[Collected data]
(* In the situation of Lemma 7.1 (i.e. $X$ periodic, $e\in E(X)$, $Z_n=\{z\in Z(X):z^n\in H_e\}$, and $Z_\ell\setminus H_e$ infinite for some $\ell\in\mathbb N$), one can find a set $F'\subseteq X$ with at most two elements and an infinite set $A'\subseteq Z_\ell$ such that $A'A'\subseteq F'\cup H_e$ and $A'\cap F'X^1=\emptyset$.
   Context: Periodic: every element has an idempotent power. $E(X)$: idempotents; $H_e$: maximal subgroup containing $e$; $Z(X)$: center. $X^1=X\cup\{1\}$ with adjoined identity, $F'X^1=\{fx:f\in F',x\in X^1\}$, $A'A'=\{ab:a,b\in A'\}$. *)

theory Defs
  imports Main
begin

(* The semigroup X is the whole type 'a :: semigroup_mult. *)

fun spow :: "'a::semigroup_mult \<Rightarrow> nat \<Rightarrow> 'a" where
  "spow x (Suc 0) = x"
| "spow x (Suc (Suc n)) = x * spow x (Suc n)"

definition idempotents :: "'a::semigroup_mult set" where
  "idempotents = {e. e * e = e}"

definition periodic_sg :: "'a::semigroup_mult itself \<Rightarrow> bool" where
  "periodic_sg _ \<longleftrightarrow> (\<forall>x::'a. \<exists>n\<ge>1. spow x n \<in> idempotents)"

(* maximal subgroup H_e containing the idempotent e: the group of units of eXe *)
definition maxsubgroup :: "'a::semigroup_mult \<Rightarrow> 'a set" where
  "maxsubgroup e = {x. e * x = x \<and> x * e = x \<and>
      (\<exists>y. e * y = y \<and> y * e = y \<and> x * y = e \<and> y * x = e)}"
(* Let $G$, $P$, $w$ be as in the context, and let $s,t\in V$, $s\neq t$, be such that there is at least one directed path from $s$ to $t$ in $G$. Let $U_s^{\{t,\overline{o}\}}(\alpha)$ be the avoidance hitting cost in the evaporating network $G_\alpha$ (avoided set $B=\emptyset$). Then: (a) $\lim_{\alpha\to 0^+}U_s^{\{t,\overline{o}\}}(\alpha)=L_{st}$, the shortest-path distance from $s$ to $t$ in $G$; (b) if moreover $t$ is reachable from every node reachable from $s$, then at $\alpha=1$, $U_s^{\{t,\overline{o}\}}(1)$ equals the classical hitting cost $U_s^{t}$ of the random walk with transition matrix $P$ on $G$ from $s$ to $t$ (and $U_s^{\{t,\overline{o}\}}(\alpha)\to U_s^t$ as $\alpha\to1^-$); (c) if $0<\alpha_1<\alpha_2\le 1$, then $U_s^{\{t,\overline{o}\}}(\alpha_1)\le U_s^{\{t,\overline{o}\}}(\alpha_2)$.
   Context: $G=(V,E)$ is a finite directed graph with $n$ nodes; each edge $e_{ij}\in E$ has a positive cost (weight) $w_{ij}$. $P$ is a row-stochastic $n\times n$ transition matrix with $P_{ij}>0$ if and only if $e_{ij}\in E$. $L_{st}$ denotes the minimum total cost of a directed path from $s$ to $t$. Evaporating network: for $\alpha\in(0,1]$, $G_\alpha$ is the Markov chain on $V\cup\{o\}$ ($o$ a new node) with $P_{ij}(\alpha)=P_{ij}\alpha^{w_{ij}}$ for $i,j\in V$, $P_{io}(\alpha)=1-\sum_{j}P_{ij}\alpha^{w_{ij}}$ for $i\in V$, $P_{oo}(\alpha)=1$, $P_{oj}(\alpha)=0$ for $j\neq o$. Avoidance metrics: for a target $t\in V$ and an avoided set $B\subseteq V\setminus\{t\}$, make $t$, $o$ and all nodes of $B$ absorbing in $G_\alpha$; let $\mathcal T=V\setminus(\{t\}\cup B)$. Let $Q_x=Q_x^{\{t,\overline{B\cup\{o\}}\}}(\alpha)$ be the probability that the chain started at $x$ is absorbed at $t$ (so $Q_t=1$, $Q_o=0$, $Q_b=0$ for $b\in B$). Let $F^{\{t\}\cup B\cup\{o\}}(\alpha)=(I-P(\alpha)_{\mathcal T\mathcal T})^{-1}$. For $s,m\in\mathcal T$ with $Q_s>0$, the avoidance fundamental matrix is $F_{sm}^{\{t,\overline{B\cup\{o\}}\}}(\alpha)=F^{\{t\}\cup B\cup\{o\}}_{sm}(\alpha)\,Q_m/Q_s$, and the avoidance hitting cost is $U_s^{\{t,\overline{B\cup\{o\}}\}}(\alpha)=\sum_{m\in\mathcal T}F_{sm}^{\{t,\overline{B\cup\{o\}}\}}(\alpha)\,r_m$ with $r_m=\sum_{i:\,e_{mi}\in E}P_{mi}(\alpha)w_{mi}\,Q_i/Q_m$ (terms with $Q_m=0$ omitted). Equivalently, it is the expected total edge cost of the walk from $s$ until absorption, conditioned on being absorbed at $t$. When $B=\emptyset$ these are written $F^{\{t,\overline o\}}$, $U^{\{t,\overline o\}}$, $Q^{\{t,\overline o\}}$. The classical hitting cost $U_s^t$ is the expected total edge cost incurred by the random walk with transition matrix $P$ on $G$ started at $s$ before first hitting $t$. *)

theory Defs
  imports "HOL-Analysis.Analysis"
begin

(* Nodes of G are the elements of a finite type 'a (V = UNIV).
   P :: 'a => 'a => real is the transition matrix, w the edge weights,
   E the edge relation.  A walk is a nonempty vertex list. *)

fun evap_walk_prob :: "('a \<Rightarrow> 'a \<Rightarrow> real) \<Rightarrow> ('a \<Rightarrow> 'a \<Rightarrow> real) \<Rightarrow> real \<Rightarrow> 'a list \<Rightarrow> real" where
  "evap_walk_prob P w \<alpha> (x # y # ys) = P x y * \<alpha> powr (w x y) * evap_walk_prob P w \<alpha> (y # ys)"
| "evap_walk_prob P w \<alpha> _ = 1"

### [Directions for this task]
Copy the records above, keeping every word the same.

### [Exercise answer]
(* In the situation of Lemma 7.1 (i.e. $X$ periodic, $e\in E(X)$, $Z_n=\{z\in Z(X):z^n\in H_e\}$, and $Z_\ell\setminus H_e$ infinite for some $\ell\in\mathbb N$), one can find a set $F'\subseteq X$ with at most two elements and an infinite set $A'\subseteq Z_\ell$ such that $A'A'\subseteq F'\cup H_e$ and $A'\cap F'X^1=\emptyset$.
   Context: Periodic: every element has an idempotent power. $E(X)$: idempotents; $H_e$: maximal subgroup containing $e$; $Z(X)$: center. $X^1=X\cup\{1\}$ with adjoined identity, $F'X^1=\{fx:f\in F',x\in X^1\}$, $A'A'=\{ab:a,b\in A'\}$. *)

theory Defs
  imports Main
begin

(* The semigroup X is the whole type 'a :: semigroup_mult. *)

fun spow :: "'a::semigroup_mult \<Rightarrow> nat \<Rightarrow> 'a" where
  "spow x (Suc 0) = x"
| "spow x (Suc (Suc n)) = x * spow x (Suc n)"

definition idempotents :: "'a::semigroup_mult set" where
  "idempotents = {e. e * e = e}"

definition periodic_sg :: "'a::semigroup_mult itself \<Rightarrow> bool" where
  "periodic_sg _ \<longleftrightarrow> (\<forall>x::'a. \<exists>n\<ge>1. spow x n \<in> idempotents)"

(* maximal subgroup H_e containing the idempotent e: the group of units of eXe *)
definition maxsubgroup :: "'a::semigroup_mult \<Rightarrow> 'a set" where
  "maxsubgroup e = {x. e * x = x \<and> x * e = x \<and>
      (\<exists>y. e * y = y \<and> y * e = y \<and> x * y = e \<and> y * x = e)}"
(* Let $G$, $P$, $w$ be as in the context, and let $s,t\in V$, $s\neq t$, be such that there is at least one directed path from $s$ to $t$ in $G$. Let $U_s^{\{t,\overline{o}\}}(\alpha)$ be the avoidance hitting cost in the evaporating network $G_\alpha$ (avoided set $B=\emptyset$). Then: (a) $\lim_{\alpha\to 0^+}U_s^{\{t,\overline{o}\}}(\alpha)=L_{st}$, the shortest-path distance from $s$ to $t$ in $G$; (b) if moreover $t$ is reachable from every node reachable from $s$, then at $\alpha=1$, $U_s^{\{t,\overline{o}\}}(1)$ equals the classical hitting cost $U_s^{t}$ of the random walk with transition matrix $P$ on $G$ from $s$ to $t$ (and $U_s^{\{t,\overline{o}\}}(\alpha)\to U_s^t$ as $\alpha\to1^-$); (c) if $0<\alpha_1<\alpha_2\le 1$, then $U_s^{\{t,\overline{o}\}}(\alpha_1)\le U_s^{\{t,\overline{o}\}}(\alpha_2)$.
   Context: $G=(V,E)$ is a finite directed graph with $n$ nodes; each edge $e_{ij}\in E$ has a positive cost (weight) $w_{ij}$. $P$ is a row-stochastic $n\times n$ transition matrix with $P_{ij}>0$ if and only if $e_{ij}\in E$. $L_{st}$ denotes the minimum total cost of a directed path from $s$ to $t$. Evaporating network: for $\alpha\in(0,1]$, $G_\alpha$ is the Markov chain on $V\cup\{o\}$ ($o$ a new node) with $P_{ij}(\alpha)=P_{ij}\alpha^{w_{ij}}$ for $i,j\in V$, $P_{io}(\alpha)=1-\sum_{j}P_{ij}\alpha^{w_{ij}}$ for $i\in V$, $P_{oo}(\alpha)=1$, $P_{oj}(\alpha)=0$ for $j\neq o$. Avoidance metrics: for a target $t\in V$ and an avoided set $B\subseteq V\setminus\{t\}$, make $t$, $o$ and all nodes of $B$ absorbing in $G_\alpha$; let $\mathcal T=V\setminus(\{t\}\cup B)$. Let $Q_x=Q_x^{\{t,\overline{B\cup\{o\}}\}}(\alpha)$ be the probability that the chain started at $x$ is absorbed at $t$ (so $Q_t=1$, $Q_o=0$, $Q_b=0$ for $b\in B$). Let $F^{\{t\}\cup B\cup\{o\}}(\alpha)=(I-P(\alpha)_{\mathcal T\mathcal T})^{-1}$. For $s,m\in\mathcal T$ with $Q_s>0$, the avoidance fundamental matrix is $F_{sm}^{\{t,\overline{B\cup\{o\}}\}}(\alpha)=F^{\{t\}\cup B\cup\{o\}}_{sm}(\alpha)\,Q_m/Q_s$, and the avoidance hitting cost is $U_s^{\{t,\overline{B\cup\{o\}}\}}(\alpha)=\sum_{m\in\mathcal T}F_{sm}^{\{t,\overline{B\cup\{o\}}\}}(\alpha)\,r_m$ with $r_m=\sum_{i:\,e_{mi}\in E}P_{mi}(\alpha)w_{mi}\,Q_i/Q_m$ (terms with $Q_m=0$ omitted). Equivalently, it is the expected total edge cost of the walk from $s$ until absorption, conditioned on being absorbed at $t$. When $B=\emptyset$ these are written $F^{\{t,\overline o\}}$, $U^{\{t,\overline o\}}$, $Q^{\{t,\overline o\}}$. The classical hitting cost $U_s^t$ is the expected total edge cost incurred by the random walk with transition matrix $P$ on $G$ started at $s$ before first hitting $t$. *)

theory Defs
  imports "HOL-Analysis.Analysis"
begin

(* Nodes of G are the elements of a finite type 'a (V = UNIV).
   P :: 'a => 'a => real is the transition matrix, w the edge weights,
   E the edge relation.  A walk is a nonempty vertex list. *)

fun evap_walk_prob :: "('a \<Rightarrow> 'a \<Rightarrow> real) \<Rightarrow> ('a \<Rightarrow> 'a \<Rightarrow> real) \<Rightarrow> real \<Rightarrow> 'a list \<Rightarrow> real" where
  "evap_walk_prob P w \<alpha> (x # y # ys) = P x y * \<alpha> powr (w x y) * evap_walk_prob P w \<alpha> (y # ys)"
| "evap_walk_prob P w \<alpha> _ = 1"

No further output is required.